Kyrgios sends ‘reminder to put you in your place’ after setting up Tsitsipas tie

With Nick Kyrgios, you never know quite what you’re going to get. Two days after he struggled past Paul Jubb and spat in the direction of a fan who he said was abusing him, the Australian produced a flawless performance to march into the third round, the kind of display that, if he were to reproduce on a consistent basis, would make him a world-beater.

Filip Krajinovic reached the final at Queen’s Club less than two weeks ago but the Serb was blown away, 6-2, 6-3, 6-1 by Kyrgios, in full flight, with 50 winners to just 10 unforced errors, 24 aces and a phenomenal day on serve, which saw him lose just nine points. “Just wanted to remind everyone that I’m pretty good,” Kyrgios said. “Today from the get-go, I just felt really good. From the back of the court I felt like I really returned well. I was just very just locked in from the get-go today. I just wanted to prove to people that I’m really good. I feel like I just don’t have the respect sometimes, you know?”

This was Kyrgios at his best, blitzing an opponent who has been enjoying the most consistent year of his life. In the first set, the 27-year-old did not drop a single point on serve, he never lost concentration and some of his shot-making was verging on the absurd. If he plays like that in the next round, even against someone as good as fourth seed Stefanos Tsitsipas, he’ll take some stopping.

Kyrgios said what happened against Jubb in round one, and the subsequent headlines his behaviour provoked, for which he has been fined £8,200, made him even more determined to put on a show. “I was pretty disappointed in my performance in the first round. Then obviously the media’s disrespect and just everything, it was just kind of a reminder to put you all back in your place from the performance today. He made finals at Queen’s, top 30 in the world, seeded. It’s a gentle reminder.”

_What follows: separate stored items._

section \<open>Comparison of free resolutions\<close>

text \<open>Matrices are indexed (row, column), so \<open>\<Phi> t :: 'j \<Rightarrow> 'i \<Rightarrow> 'a\<close> maps \<open>F\<^sub>t\<close> (basis \<open>I t\<close>)
  to \<open>G\<^sub>t\<close> (basis \<open>J t\<close>).\<close>

definition chain_map :: "('a::comm_ring_1 \<Rightarrow> 'b::ab_group_add \<Rightarrow> 'b) \<Rightarrow> 'b set
    \<Rightarrow> (nat \<Rightarrow> 'i set) \<Rightarrow> (nat \<Rightarrow> 'i \<Rightarrow> 'i \<Rightarrow> 'a) \<Rightarrow> ('i \<Rightarrow> 'b)
    \<Rightarrow> (nat \<Rightarrow> 'j set) \<Rightarrow> (nat \<Rightarrow> 'j \<Rightarrow> 'j \<Rightarrow> 'a) \<Rightarrow> ('j \<Rightarrow> 'b) \<Rightarrow> (nat \<Rightarrow> 'j \<Rightarrow> 'i \<Rightarrow> 'a) \<Rightarrow> bool" where
  "chain_map s K I D g J E h \<Phi> \<longleftrightarrow>
     (\<forall>i\<in>I 0. g i - lincomb s (J 0) (\<lambda>b. \<Phi> 0 b i) h \<in> K) \<and>
     (\<forall>t. \<forall>i\<in>I (Suc t). \<forall>a\<in>J t.
        matmul (J (Suc t)) (E (Suc t)) (\<Phi> (Suc t)) a i = matmul (I t) (\<Phi> t) (D (Suc t)) a i)"

primrec comparison_map :: "('a::comm_ring_1 \<Rightarrow> 'b::ab_group_add \<Rightarrow> 'b) \<Rightarrow> 'b set
    \<Rightarrow> (nat \<Rightarrow> 'i set) \<Rightarrow> (nat \<Rightarrow> 'i \<Rightarrow> 'i \<Rightarrow> 'a) \<Rightarrow> ('i \<Rightarrow> 'b)
    \<Rightarrow> (nat \<Rightarrow> 'j set) \<Rightarrow> (nat \<Rightarrow> 'j \<Rightarrow> 'j \<Rightarrow> 'a) \<Rightarrow> ('j \<Rightarrow> 'b) \<Rightarrow> nat \<Rightarrow> 'j \<Rightarrow> 'i \<Rightarrow> 'a" where
  "comparison_map s K I D g J E h 0 = (\<lambda>b i. (SOME x. g i - lincomb s (J 0) x h \<in> K) b)"
| "comparison_map s K I D g J E h (Suc t) =
     lift_boundary J E t (matmul (I t) (comparison_map s K I D g J E h t) (D (Suc t)))"

lemma res_cycle_0_image_boundary:
  assumes F: "free_res s A K I D g"
    and \<Phi>: "\<forall>i\<in>I 0. g i - lincomb s (J 0) (\<lambda>b. \<Phi> 0 b i) h \<in> K"
    and i: "i \<in> I (Suc 0)"
  shows "res_cycle s K J E h 0 (\<lambda>b. matmul (I 0) (\<Phi> 0) (D (Suc 0)) b i)"
proof -
  have ms: "module s" and sK: "module.subspace s K"
    using F by (rule free_res_module, rule free_res_subspace)
  have "lincomb s (I 0) (\<lambda>a. D (Suc 0) a i) g \<in> K"
    using res_boundary_is_cycle[OF F i] by simp
  moreover have "lincomb s (I 0) (\<lambda>a. D (Suc 0) a i) g
      - lincomb s (J 0) (\<lambda>b. matmul (I 0) (\<Phi> 0) (D (Suc 0)) b i) h \<in> K"
    unfolding lincomb_matmul[OF ms free_res_finite[OF F]]
    unfolding lincomb_def by (rule scaled_sum_diff_in_subspace[OF ms sK]) (use \<Phi> in \<open>auto simp: lincomb_def\<close>)
  ultimately show ?thesis
    using module.subspace_diff[OF ms sK] by fastforce
qed

lemma comparison_map_0:
  assumes F: "free_res s A K I D g" and G: "free_res s A K J E h" and "i \<in> I 0"
  shows "g i - lincomb s (J 0) (\<lambda>b. comparison_map s K I D g J E h 0 b i) h \<in> K"
proof -
  have "g i \<in> A"
    using F assms(3) by (auto simp: free_res_def)
  then have "\<exists>x. g i - lincomb s (J 0) x h \<in> K"
    using G by (auto simp: free_res_def)
  from someI_ex[OF this] show ?thesis
    by simp
qed

lemma chain_map_comparison_map:
  assumes F: "free_res s A K I D g" and G: "free_res s A K J E h"
  shows "chain_map s K I D g J E h (comparison_map s K I D g J E h)"
proof -
  let ?\<Phi> = "comparison_map s K I D g J E h"
  have aug: "g i - lincomb s (J 0) (\<lambda>b. ?\<Phi> 0 b i) h \<in> K" if "i \<in> I 0" for i
    using comparison_map_0[OF F G that] .
  have cycle: "\<forall>i\<in>I (Suc t). res_cycle s K J E h t (\<lambda>b. matmul (I t) (?\<Phi> t) (D (Suc t)) b i)" for t
  proof (induction t)
    case 0
    show ?case
      using res_cycle_0_image_boundary[OF F] aug by blast
  next
    case (Suc t)
    have "matmul (J (Suc t)) (E (Suc t)) (matmul (I (Suc t)) (?\<Phi> (Suc t)) (D (Suc (Suc t)))) a i = 0"
      if a: "a \<in> J t" and i: "i \<in> I (Suc (Suc t))" for a i
    proof -
      have "matmul (J (Suc t)) (E (Suc t)) (matmul (I (Suc t)) (?\<Phi> (Suc t)) (D (Suc (Suc t)))) a i
          = matmul (I (Suc t)) (matmul (J (Suc t)) (E (Suc t)) (?\<Phi> (Suc t))) (D (Suc (Suc t))) a i"
        using free_res_finite[OF F] free_res_finite[OF G] by (simp add: matmul_assoc)
      also have "\<dots> = matmul (I (Suc t)) (matmul (I t) (?\<Phi> t) (D (Suc t))) (D (Suc (Suc t))) a i"
        using Suc.IH a by (intro matmul_cong) (simp add: matmul_lift_boundary[OF G])
      also have "\<dots> = matmul (I t) (?\<Phi> t) (matmul (I (Suc t)) (D (Suc t)) (D (Suc (Suc t)))) a i"
        using free_res_finite[OF F] by (simp add: matmul_assoc)
      also have "\<dots> = 0"
        using res_dd_zero[OF F _ i] by (simp add: matmul_def)
      finally show ?thesis .
    qed
    then show ?case
      by (simp add: matmul_def)
  qed
  show ?thesis
    unfolding chain_map_def using aug cycle by (simp add: matmul_lift_boundary[OF G])
qed

definition chain_lift_of_zero :: "('a::comm_ring_1 \<Rightarrow> 'b::ab_group_add \<Rightarrow> 'b) \<Rightarrow> 'b set
    \<Rightarrow> (nat \<Rightarrow> 'i set) \<Rightarrow> (nat \<Rightarrow> 'i \<Rightarrow> 'i \<Rightarrow> 'a) \<Rightarrow> ('i \<Rightarrow> 'b) \<Rightarrow> (nat \<Rightarrow> 'i \<Rightarrow> 'i \<Rightarrow> 'a) \<Rightarrow> bool" where
  "chain_lift_of_zero s K I D g X \<longleftrightarrow>
     (\<forall>i\<in>I 0. lincomb s (I 0) (\<lambda>b. X 0 b i) g \<in> K) \<and>
     (\<forall>t. \<forall>i\<in>I (Suc t). \<forall>a\<in>I t.
        matmul (I (Suc t)) (D (Suc t)) (X (Suc t)) a i = matmul (I t) (X t) (D (Suc t)) a i)"

lemma lincomb_comp_minus_id:
  assumes F: "free_res s A K I D g" and G: "free_res s A K J E h"
    and \<phi>: "chain_map s K I D g J E h \<phi>" and \<psi>: "chain_map s K J E h I D g \<psi>" and i: "i \<in> I 0"
  shows "lincomb s (I 0) (\<lambda>b. matmul (J 0) (\<psi> 0) (\<phi> 0) b i - (if b = i then 1 else 0)) g \<in> K"
proof -
  have ms: "module s" and sK: "module.subspace s K"
    using F by (rule free_res_module, rule free_res_subspace)
  let ?T = "\<Sum>c\<in>J 0. s (\<phi> 0 c i) (h c)"
  have "?T - lincomb s (I 0) (\<lambda>b. matmul (J 0) (\<psi> 0) (\<phi> 0) b i) g \<in> K"
    unfolding lincomb_matmul[OF ms free_res_finite[OF G]]
    by (rule scaled_sum_diff_in_subspace[OF ms sK]) (use \<psi> in \<open>auto simp: chain_map_def\<close>)
  moreover have "g i - ?T \<in> K"
    using \<phi> i by (auto simp: chain_map_def lincomb_def)
  ultimately have "- ((?T - lincomb s (I 0) (\<lambda>b. matmul (J 0) (\<psi> 0) (\<phi> 0) b i) g) + (g i - ?T)) \<in> K"
    by (intro module.subspace_neg[OF ms sK] module.subspace_add[OF ms sK])
  then show ?thesis
    by (simp add: lincomb_diff[OF ms] lincomb_id_column[OF ms free_res_finite[OF F] i])
qed

lemma chain_map_comp:
  assumes F: "free_res s A K I D g" and G: "free_res s A K J E h"
    and \<phi>: "chain_map s K I D g J E h \<phi>" and \<psi>: "chain_map s K J E h I D g \<psi>"
    and i: "i \<in> I (Suc t)" and a: "a \<in> I t"
  shows "matmul (I (Suc t)) (D (Suc t)) (matmul (J (Suc t)) (\<psi> (Suc t)) (\<phi> (Suc t))) a i
    = matmul (I t) (matmul (J t) (\<psi> t) (\<phi> t)) (D (Suc t)) a i"
proof -
  have fI: "finite (I t)" and fJ: "finite (J t)" for t
    using free_res_finite[OF F] free_res_finite[OF G] by auto
  have "matmul (I (Suc t)) (D (Suc t)) (matmul (J (Suc t)) (\<psi> (Suc t)) (\<phi> (Suc t))) a i
      = matmul (J (Suc t)) (matmul (I (Suc t)) (D (Suc t)) (\<psi> (Suc t))) (\<phi> (Suc t)) a i"
    by (simp add: matmul_assoc fI fJ)
  also have "\<dots> = matmul (J (Suc t)) (matmul (J t) (\<psi> t) (E (Suc t))) (\<phi> (Suc t)) a i"
    using \<psi> a by (intro matmul_cong) (simp add: chain_map_def)
  also have "\<dots> = matmul (J t) (\<psi> t) (matmul (J (Suc t)) (E (Suc t)) (\<phi> (Suc t))) a i"
    by (simp add: matmul_assoc fJ)
  also have "\<dots> = matmul (J t) (\<psi> t) (matmul (I t) (\<phi> t) (D (Suc t))) a i"
    using \<phi> i by (intro matmul_cong) (simp add: chain_map_def)
  also have "\<dots> = matmul (I t) (matmul (J t) (\<psi> t) (\<phi> t)) (D (Suc t)) a i"
    by (simp add: matmul_assoc fI fJ)
  finally show ?thesis .
qed

lemma chain_lift_of_zero_comp_minus_id:
  assumes F: "free_res s A K I D g" and G: "free_res s A K J E h"
    and \<phi>: "chain_map s K I D g J E h \<phi>" and \<psi>: "chain_map s K J E h I D g \<psi>"
  shows "chain_lift_of_zero s K I D g (\<lambda>t b i. matmul (J t) (\<psi> t) (\<phi> t) b i - (if b = i then 1 else 0))"
  unfolding chain_lift_of_zero_def
  using lincomb_comp_minus_id[OF assms] chain_map_comp[OF assms] free_res_finite[OF F]
  by (simp add: matmul_diff_id_right matmul_diff_id_left)

text \<open>The homotopy \<open>X\<^sub>t = D\<^sub>t\<^sub>+\<^sub>1 H\<^sub>t + H\<^sub>t\<^sub>-\<^sub>1 D\<^sub>t\<close>, obtained degree by degree by lifting
  the cycles \<open>X\<^sub>t - H\<^sub>t\<^sub>-\<^sub>1 D\<^sub>t\<close>.\<close>

primrec null_homotopy :: "(nat \<Rightarrow> 'i set) \<Rightarrow> (nat \<Rightarrow> 'i \<Rightarrow> 'i \<Rightarrow> 'a::comm_ring_1)
    \<Rightarrow> (nat \<Rightarrow> 'i \<Rightarrow> 'i \<Rightarrow> 'a) \<Rightarrow> nat \<Rightarrow> 'i \<Rightarrow> 'i \<Rightarrow> 'a" where
  "null_homotopy I D X 0 = lift_boundary I D 0 (X 0)"
| "null_homotopy I D X (Suc t) =
     lift_boundary I D (Suc t) (\<lambda>a i. X (Suc t) a i - matmul (I t) (null_homotopy I D X t) (D (Suc t)) a i)"

lemma null_homotopy_eq:
  assumes F: "free_res s A K I D g" and X: "chain_lift_of_zero s K I D g X"
    and "a \<in> I t" "i \<in> I t"
  shows "X t a i = matmul (I (Suc t)) (D (Suc t)) (null_homotopy I D X t) a i
    + (case t of 0 \<Rightarrow> 0 | Suc t' \<Rightarrow> matmul (I t') (null_homotopy I D X t') (D t) a i)"
proof -
  let ?H = "null_homotopy I D X"
  let ?P = "\<lambda>t a i. case t of 0 \<Rightarrow> 0 | Suc t' \<Rightarrow> matmul (I t') (?H t') (D t) a i"
  have fI: "finite (I t)" for t
    by (rule free_res_finite[OF F])
  have H: "?H t = lift_boundary I D t (\<lambda>a i. X t a i - ?P t a i)" for t
    by (cases t) simp_all
  have "\<forall>i\<in>I t. res_cycle s K I D g t (\<lambda>a. X t a i - ?P t a i)" for t
  proof (induction t)
    case 0
    then show ?case
      using X by (simp add: chain_lift_of_zero_def)
  next
    case (Suc t)
    have "matmul (I (Suc t)) (D (Suc t)) (\<lambda>a i. X (Suc t) a i - matmul (I t) (?H t) (D (Suc t)) a i) a i = 0"
      if a: "a \<in> I t" and i: "i \<in> I (Suc t)" for a i
    proof -
      have "matmul (I (Suc t)) (D (Suc t)) (\<lambda>a i. X (Suc t) a i - matmul (I t) (?H t) (D (Suc t)) a i) a i
          = matmul (I t) (X t) (D (Suc t)) a i - matmul (I t) (matmul (I (Suc t)) (D (Suc t)) (?H t)) (D (Suc t)) a i"
        using X a i by (simp add: matmul_diff_right chain_lift_of_zero_def matmul_assoc fI)
      also have "\<dots> = matmul (I t) (?P t) (D (Suc t)) a i"
        unfolding matmul_diff_left[symmetric] using Suc.IH a
        by (intro matmul_cong) (simp add: H[of t] matmul_lift_boundary[OF F])
      also have "\<dots> = 0"
      proof (cases t)
        case (Suc t')
        then show ?thesis
          using res_dd_zero[OF F _ i[unfolded Suc]] by (simp add: matmul_assoc fI) (simp add: matmul_def)
      qed (simp add: matmul_def)
      finally show ?thesis .
    qed
    then show ?case
      by (simp add: matmul_def)
  qed
  then show ?thesis
    using assms(3,4) H[of t] matmul_lift_boundary[OF F, of t "\<lambda>a i. X t a i - ?P t a i"] by simp
qed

Kyrgios has a 3-0 record over Tsitsipas in regular ATP Tour matches and though the No 4 seed looked good on Thursday against Australia’s Jordan Thompson, Kyrgios knows he is in good form, having reached the semi-finals in Stuttgart and Halle, where he also beat the Greek. This is a tournament he has prepared for better than at almost any other time in his career. “I’m excited,” he said. “I feel like we both earned the right. We’re two of the biggest stars in the sport. Hopefully if we both bring our best tennis, it’s going to be amazing to watch.”

Kyrgios has always been an enigma. Brilliant at times, petulant at others, he has courted controversy probably more than any other player of his generation. There have been moments when he has been wronged and many when he has been in the wrong. What you see tends to be what you get. Even in his bad moments, he is honest, and he is not about to change. “I just feel like I’m comfortable in my own skin,” he said. “Some people love to just tear me down. It’s just not possible anymore. I just want to give people who watch this press conference or watch my tennis to just believe in yourself, be yourself, don’t be someone else up here either. Don’t just say what you’ve been told to say.”

Kyrgios is likely to be fined for spitting in the direction of fans during his first-round match, with an investigation underway, but Kyrgios says he “couldn’t care less”. “I know what I bring to the sport. One of the most important people in the sport. Do you want to speak about that? Nothing to investigate there because it’s just factual. I’m extremely confident in myself. All the challenges I’ve overcome in my life. Proud to be up here and doing it my own way. Being able to produce tennis like that at Wimbledon, it’s a dream come true for any tennis player.”

Kyrgios had been due to play doubles with Thanasi Kokkinakis, the two having won the Australian Open title earlier this year, but the pair pulled out, with Kyrgios explaining that he wanted to focus fully on singles, more evidence that he means business here. Striking the balance between showmanship and professionalism has always been tricky but he knows that Wimbledon represents his best chance of winning a grand slam title. “If I can find that tennis a bit more often, we’ll see,” he said. “If I can just continue to play like that, I’m very dangerous.”